The Seventh Course ~ Spoonful of Honey A spoonful of Herbfarm summer honey, chamomile granite', blueberry soup composed this likely unintended omage to "Mary Poppins" as it was so sweet it had to be made with children in mind.  Oh my it was over the top and it was the one course I just could not make myself finish.  But I know some of the other diners likely enjoyed it.  Thankfully we had some of that great cracked ice water to cleanse the course as we looked forward to the next course.
Really, do you think they are having a good time or what?  And we were not done yet.  So no, dream of sugar plums were not quite dancing in their heads.
The Eighth Course ~ Flavors of the Sky 100 year Shaker cake with warm strawberry-rose geranium compote, Olympic Peninsula saffron ice cream, crispy meringues, alpine strawberries.  Wow, wow, wow!  What can I say, this was a fantastic combination and the dense texture of the cake came through to balance with the lightness of the ice cream.  Alpine strawberries was a masterful stroke as they just exploded with flavor in your mouth, but a bit confused on the meringues unless it was a texture move.  Alas, the Ports were a nice match and all I can say is this was a home run.

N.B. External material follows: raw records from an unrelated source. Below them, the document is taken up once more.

(* Let $A$ be a Noetherian commutative ring with identity, let $A[\mathbf{x}]=A[x_1,\ldots,x_n]$ be equipped with a monomial order, let $I\subset A[\mathbf{x}]$ be a proper ideal, and define $M=A[\mathbf{x}]/I$. Suppose that for each prime $p\subset A$ and for each monomial $\mathbf{x}^E$, the ideal $\mathrm{in}(I)_E\,B$ is either $(0)$ or $(1)$, where $B=A_p/(I\cap A)_p$. Then $M$ is a faithfully flat $A/(I\cap A)$-module.
   Context: A monomial order $>$ is a total order on monomials such that $\mathbf{x}^E>\mathbf{x}^F$ implies $\mathbf{x}^G\mathbf{x}^E>\mathbf{x}^G\mathbf{x}^F$, and $x_i>1$ for each $i$. $\mathrm{in}(f)$ is the greatest term $c\,\mathbf{x}^E$ ($c\neq0$) of a nonzero polynomial $f$; $\mathrm{in}(I)$ is the ideal generated by all $\mathrm{in}(f)$, $f\in I$. For an ideal $J\subset A[\mathbf{x}]$ and exponent $E$, the coefficient ideal is $J_E=(c\in A\mid c\,\mathbf{x}^E\in J)\subset A$; $J_E B$ is the ideal of $B$ generated by its image. *)

theory Defs
  imports Main "HOL-Library.Poly_Mapping"
begin

definition is_ideal :: "'a::comm_ring_1 set \<Rightarrow> bool" where
  "is_ideal J \<longleftrightarrow> 0 \<in> J \<and> (\<forall>x\<in>J. \<forall>y\<in>J. x + y \<in> J) \<and> (\<forall>r. \<forall>x\<in>J. r * x \<in> J)"

definition gen_ideal :: "'a::comm_ring_1 set \<Rightarrow> 'a set" where
  "gen_ideal S = \<Inter>{J. is_ideal J \<and> S \<subseteq> J}"

definition prime_ideal :: "'a::comm_ring_1 set \<Rightarrow> bool" where
  "prime_ideal P \<longleftrightarrow> is_ideal P \<and> P \<noteq> UNIV \<and> (\<forall>a b. a * b \<in> P \<longrightarrow> a \<in> P \<or> b \<in> P)"

definition noetherian :: "'a::comm_ring_1 itself \<Rightarrow> bool" where
  "noetherian _ \<longleftrightarrow> (\<forall>J::'a set. is_ideal J \<longrightarrow> (\<exists>F. finite F \<and> F \<subseteq> J \<and> J = gen_ideal F))"

text \<open>Monomials x^E are exponent vectors; polynomials are
  finitely supported maps from monomials to coefficients, polynomials with coefficients in 'a.
  The relation \<open>ord F E\<close> means x^E > x^F.\<close>

definition monomial_order :: "(('v \<Rightarrow>\<^sub>0 nat) \<Rightarrow> ('v \<Rightarrow>\<^sub>0 nat) \<Rightarrow> bool) \<Rightarrow> bool" where
  "monomial_order ord \<longleftrightarrow>
     (\<forall>E. \<not> ord E E) \<and>
     (\<forall>E F G. ord E F \<longrightarrow> ord F G \<longrightarrow> ord E G) \<and>
     (\<forall>E F. E \<noteq> F \<longrightarrow> ord E F \<or> ord F E) \<and>
     (\<forall>E F G. ord F E \<longrightarrow> ord (G + F) (G + E)) \<and>
     (\<forall>i. ord 0 (Poly_Mapping.single i 1))"

definition lead_exp :: "(('v \<Rightarrow>\<^sub>0 nat) \<Rightarrow> ('v \<Rightarrow>\<^sub>0 nat) \<Rightarrow> bool) \<Rightarrow> (('v \<Rightarrow>\<^sub>0 nat) \<Rightarrow>\<^sub>0 'a::zero) \<Rightarrow> ('v \<Rightarrow>\<^sub>0 nat)" where
  "lead_exp ord f = (THE E. E \<in> Poly_Mapping.keys f \<and> (\<forall>F\<in>Poly_Mapping.keys f. F \<noteq> E \<longrightarrow> ord F E))"

definition init_term :: "(('v \<Rightarrow>\<^sub>0 nat) \<Rightarrow> ('v \<Rightarrow>\<^sub>0 nat) \<Rightarrow> bool) \<Rightarrow> (('v \<Rightarrow>\<^sub>0 nat) \<Rightarrow>\<^sub>0 'a::zero) \<Rightarrow> (('v \<Rightarrow>\<^sub>0 nat) \<Rightarrow>\<^sub>0 'a)" where
  "init_term ord f = Poly_Mapping.single (lead_exp ord f) (Poly_Mapping.lookup f (lead_exp ord f))"

definition init_ideal :: "(('v \<Rightarrow>\<^sub>0 nat) \<Rightarrow> ('v \<Rightarrow>\<^sub>0 nat) \<Rightarrow> bool) \<Rightarrow> (('v \<Rightarrow>\<^sub>0 nat) \<Rightarrow>\<^sub>0 'a::comm_ring_1) set \<Rightarrow> (('v \<Rightarrow>\<^sub>0 nat) \<Rightarrow>\<^sub>0 'a) set" where
  "init_ideal ord I = gen_ideal {init_term ord f | f. f \<in> I \<and> f \<noteq> 0}"

definition coeff_ideal :: "(('v \<Rightarrow>\<^sub>0 nat) \<Rightarrow>\<^sub>0 'a::comm_ring_1) set \<Rightarrow> ('v \<Rightarrow>\<^sub>0 nat) \<Rightarrow> 'a set" where
  "coeff_ideal J E = {c. Poly_Mapping.single E c \<in> J}"

text \<open>I \<inter> A, with A embedded in A[x] as constant polynomials.\<close>
definition contraction :: "(('v \<Rightarrow>\<^sub>0 nat) \<Rightarrow>\<^sub>0 'a::comm_ring_1) set \<Rightarrow> 'a set" where
  "contraction I = {c. Poly_Mapping.single 0 c \<in> I}"

text \<open>Elements of B are represented by fractions (a, s) with s \<notin> p; two fractions
  represent the same element of A_p/K_p iff u (a t - b s) \<in> K for some u \<notin> p.\<close>

definition loc_eq :: "'a::comm_ring_1 set \<Rightarrow> 'a set \<Rightarrow> 'a \<times> 'a \<Rightarrow> 'a \<times> 'a \<Rightarrow> bool" where
  "loc_eq p K x y \<longleftrightarrow> (\<exists>u. u \<notin> p \<and> u * (fst x * snd y - fst y * snd x) \<in> K)"

definition frac_add :: "'a::comm_ring_1 \<times> 'a \<Rightarrow> 'a \<times> 'a \<Rightarrow> 'a \<times> 'a" where
  "frac_add x y = (fst x * snd y + fst y * snd x, snd x * snd y)"

definition frac_mult :: "'a::comm_ring_1 \<times> 'a \<Rightarrow> 'a \<times> 'a \<Rightarrow> 'a \<times> 'a" where
  "frac_mult x y = (fst x * fst y, snd x * snd y)"

text \<open>Representatives of the elements of the ideal J B of B generated by the image of J:
  the finite sums  \<Sum> b_i (c_i / 1)  with b_i \<in> B, c_i \<in> J.\<close>
inductive_set ext_ideal :: "'a::comm_ring_1 set \<Rightarrow> 'a set \<Rightarrow> ('a \<times> 'a) set" for p J where
  ext_zero: "(0, 1) \<in> ext_ideal p J"
| ext_step: "x \<in> ext_ideal p J \<Longrightarrow> c \<in> J \<Longrightarrow> snd b \<notin> p \<Longrightarrow>
     frac_add x (frac_mult b (c, 1)) \<in> ext_ideal p J"

definition ext_is_zero :: "'a::comm_ring_1 set \<Rightarrow> 'a set \<Rightarrow> 'a set \<Rightarrow> bool" where
  "ext_is_zero p K J \<longleftrightarrow> (\<forall>x\<in>ext_ideal p J. loc_eq p K x (0, 1))"

definition ext_is_unit :: "'a::comm_ring_1 set \<Rightarrow> 'a set \<Rightarrow> 'a set \<Rightarrow> bool" where
  "ext_is_unit p K J \<longleftrightarrow> (\<exists>x\<in>ext_ideal p J. loc_eq p K x (1, 1))"

record ('r, 'm) amod =
  mcarrier :: "'m set"
  madd :: "'m \<Rightarrow> 'm \<Rightarrow> 'm"
  mzero :: "'m"
  msmult :: "'r \<Rightarrow> 'm \<Rightarrow> 'm"
lemma edge_G_in_apex_triangle:
  assumes e: "e \<in> edges G"
  shows "\<exists>z\<in>Z. insert z e \<in> \<T>"
proof -
  obtain u v where uv: "e = {u, v}" "u \<noteq> v" "u \<in> verts G" "v \<in> verts G"
    using e by (rule edge_G_obtain)
  define other where "other z = (SOME w. {z, v, w} \<in> \<T> \<and> {v, w} \<in> edges G)" for z
  have other: "{z, v, other z} \<in> \<T>" "{v, other z} \<in> edges G" if "z \<in> Z" for z
    using someI_ex[OF triangle_through_apex_edge[OF that uv(4)]] unfolding other_def by blast+
  let ?S = "{f \<in> edges G. v \<in> f}"
  have inj: "inj_on (\<lambda>z. {v, other z}) Z"
  proof (rule inj_onI)
    fix z z' assume zz': "z \<in> Z" "z' \<in> Z" "{v, other z} = {v, other z'}"
    have "v \<noteq> other z" using card_edge_G[OF other(2)[OF zz'(1)]] by auto
    with zz'(3) have "other z = other z'" by (auto simp: doubleton_eq_iff)
    then have "{z, v, other z} = {z', v, other z'}"
      using K3_decomposition_triangle_eq[OF decomposition other(1)[OF zz'(1)] other(1)[OF zz'(2)],
          of v "other z"] \<open>v \<noteq> other z\<close> by simp
    then have "z \<in> {z', v, other z'}" by blast
    moreover have "z \<notin> {v, other z'}" using apex_notin_edge[OF zz'(1) other(2)[OF zz'(2)]] .
    ultimately show "z = z'" by blast
  qed
  have sub: "(\<lambda>z. {v, other z}) ` Z \<subseteq> ?S" using other by auto
  have "card ((\<lambda>z. {v, other z}) ` Z) = card ?S"
    using card_image[OF inj] card_star[OF uv(4)] bij_betw_same_card[OF apex_bij] by simp
  then have "(\<lambda>z. {v, other z}) ` Z = ?S" using card_subset_eq[OF finite_star sub] by blast
  moreover have "e \<in> ?S" using e uv by blast
  ultimately obtain z where z: "z \<in> Z" "e = {v, other z}" by blast
  then have "insert z e \<in> \<T>" using other(1) by simp
  with z(1) show ?thesis by blast
qed

lemma apex_triangles_of_adjacent_edges:
  assumes "z \<in> Z" "e \<in> edges G" "f \<in> edges G" "e \<inter> f \<noteq> {}"
    and "insert z e \<in> \<T>" "insert z f \<in> \<T>"
  shows "e = f"
proof -
  obtain v where v: "v \<in> e" "v \<in> f" using assms(4) by blast
  have "z \<noteq> v" using assms(1,2) v apex_notin_edge by blast
  then have "insert z e = insert z f"
    using K3_decomposition_triangle_eq[OF decomposition assms(5,6), of z v] v by blast
  then show ?thesis using assms(1-3) apex_notin_edge by (metis insert_ident)
qed

lemma edge_colourable_by_apices: "edge_colourable G k"
proof -
  define c where "c e = (SOME i. i < k \<and> insert (\<zeta> i) e \<in> \<T>)" for e
  have c: "c e < k \<and> insert (\<zeta> (c e)) e \<in> \<T>" if "e \<in> edges G" for e
  proof -
    have "\<exists>i. i < k \<and> insert (\<zeta> i) e \<in> \<T>"
      using edge_G_in_apex_triangle[OF that] apex_bij by (auto simp: bij_betw_def)
    then show ?thesis unfolding c_def by (rule someI_ex)
  qed
  have "proper_edge_colouring G k c"
    unfolding proper_edge_colouring_def
  proof (intro conjI ballI impI)
    fix e f assume e: "e \<in> edges G" and f: "f \<in> edges G" and ef: "e \<noteq> f \<and> e \<inter> f \<noteq> {}"
    show "c e \<noteq> c f"
    proof
      assume "c e = c f"
      then have "insert (\<zeta> (c e)) f \<in> \<T>" using c[OF f] by simp
      moreover have "\<zeta> (c e) \<in> Z" using c[OF e] apex_bij by (auto simp: bij_betw_def)
      ultimately have "e = f" using apex_triangles_of_adjacent_edges e f ef c[OF e] by blast
      with ef show False by blast
    qed
  qed (use c in blast)
  then show ?thesis by (auto simp: edge_colourable_def)
qed

end

lemma (in regular_join) leave_meets_apices:
  assumes "\<not> edge_colourable G k" "K3_packing J H \<T>"
  shows "\<exists>e\<in>edges (leave J H). e \<inter> Z \<noteq> {}"
proof (rule ccontr)
  assume "\<not> ?thesis"
  then interpret apex_saturated_packing G k Z \<zeta> H \<T>
    using assms(2) by unfold_locales (auto simp: leave_def edges_def)
  show False using edge_colourable_by_apices assms(1) by blast
qed

theorem lemma5:
  fixes G :: "'a graph" and Z :: "'a set"
  assumes "cubic G" and "card Z = 3" and "Z \<inter> verts G = {}"
  shows "(edge_colourable G 3 \<longrightarrow> (\<exists>\<T>. K3_decomposition (join (empty_graph Z) G) \<T>))
       \<and> (\<not> edge_colourable G 3 \<longrightarrow>
            (\<forall>H \<T>. K3_packing (join (empty_graph Z) G) H \<T> \<longrightarrow>
               (\<exists>e\<in>edges (leave (join (empty_graph Z) G) H). e \<inter> Z \<noteq> {})))"
proof -
  have "finite Z" using assms(2) by (metis card.infinite zero_neq_numeral)
  then obtain \<zeta> :: "nat \<Rightarrow> 'a" where "bij_betw \<zeta> {..<3} Z"
    using ex_bij_betw_nat_finite assms(2) by (metis atLeast0LessThan)
  then interpret regular_join G 3 Z \<zeta>
    using assms by unfold_locales (auto simp: cubic_def)
  show ?thesis
  proof (intro conjI impI allI)
    assume "edge_colourable G 3"
    then obtain c where "proper_edge_colouring G 3 c" by (auto simp: edge_colourable_def)
    then show "\<exists>\<T>. K3_decomposition J \<T>" by (blast intro: K3_decomposition_apex_triangles)
  next
    fix H \<T> assume "\<not> edge_colourable G 3" "K3_packing J H \<T>"
    then show "\<exists>e\<in>edges (leave J H). e \<inter> Z \<noteq> {}" by (rule leave_meets_apices)
  qed
qed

So if you look carefully, Barry dropped by a little surprise for Allen...in his words, "You can no longer say you were not screwed." And leave it to me to explain that indeed it is a corkscrew and not to be confused with anything else.  Oh my, oh my.  By now you can tell the dinner is taking a toll as I was remiss in getting a picture of the Tea course that was paired with Small Treats & Summer Blisses.  This finale was paired with a with 2008 Venturi Schulze Brandenburg no. 3 from Vancouver Island.  The treats are almost a bit much, but that did not stop us from enjoying them as we enjoyed our tea.  I opted for the Sakuma White Tea.  You will just have to visualize that the finishing touches included Sage Shortbread with Saskatoon Berry Jam, Cinnamon Basil Donut, Madrona Bark Caramel Profiterole and Gooseberry Applemint Shot.  Alas, there was also a sugared white berry item, but it was not mentioned on the menu.  We did leave some behind as we were just too content to enjoy any more fine food.
Yes, they were quite content.  The time had come to head on home and our car was waiting for us and as we departed Ubon was there at the door with a final treat, a blueberry tart and that was enjoyed the next day to bring back all the memories in order to make this posting happen.  What can I say folks, but it was a magical evening that will not be soon forgotten.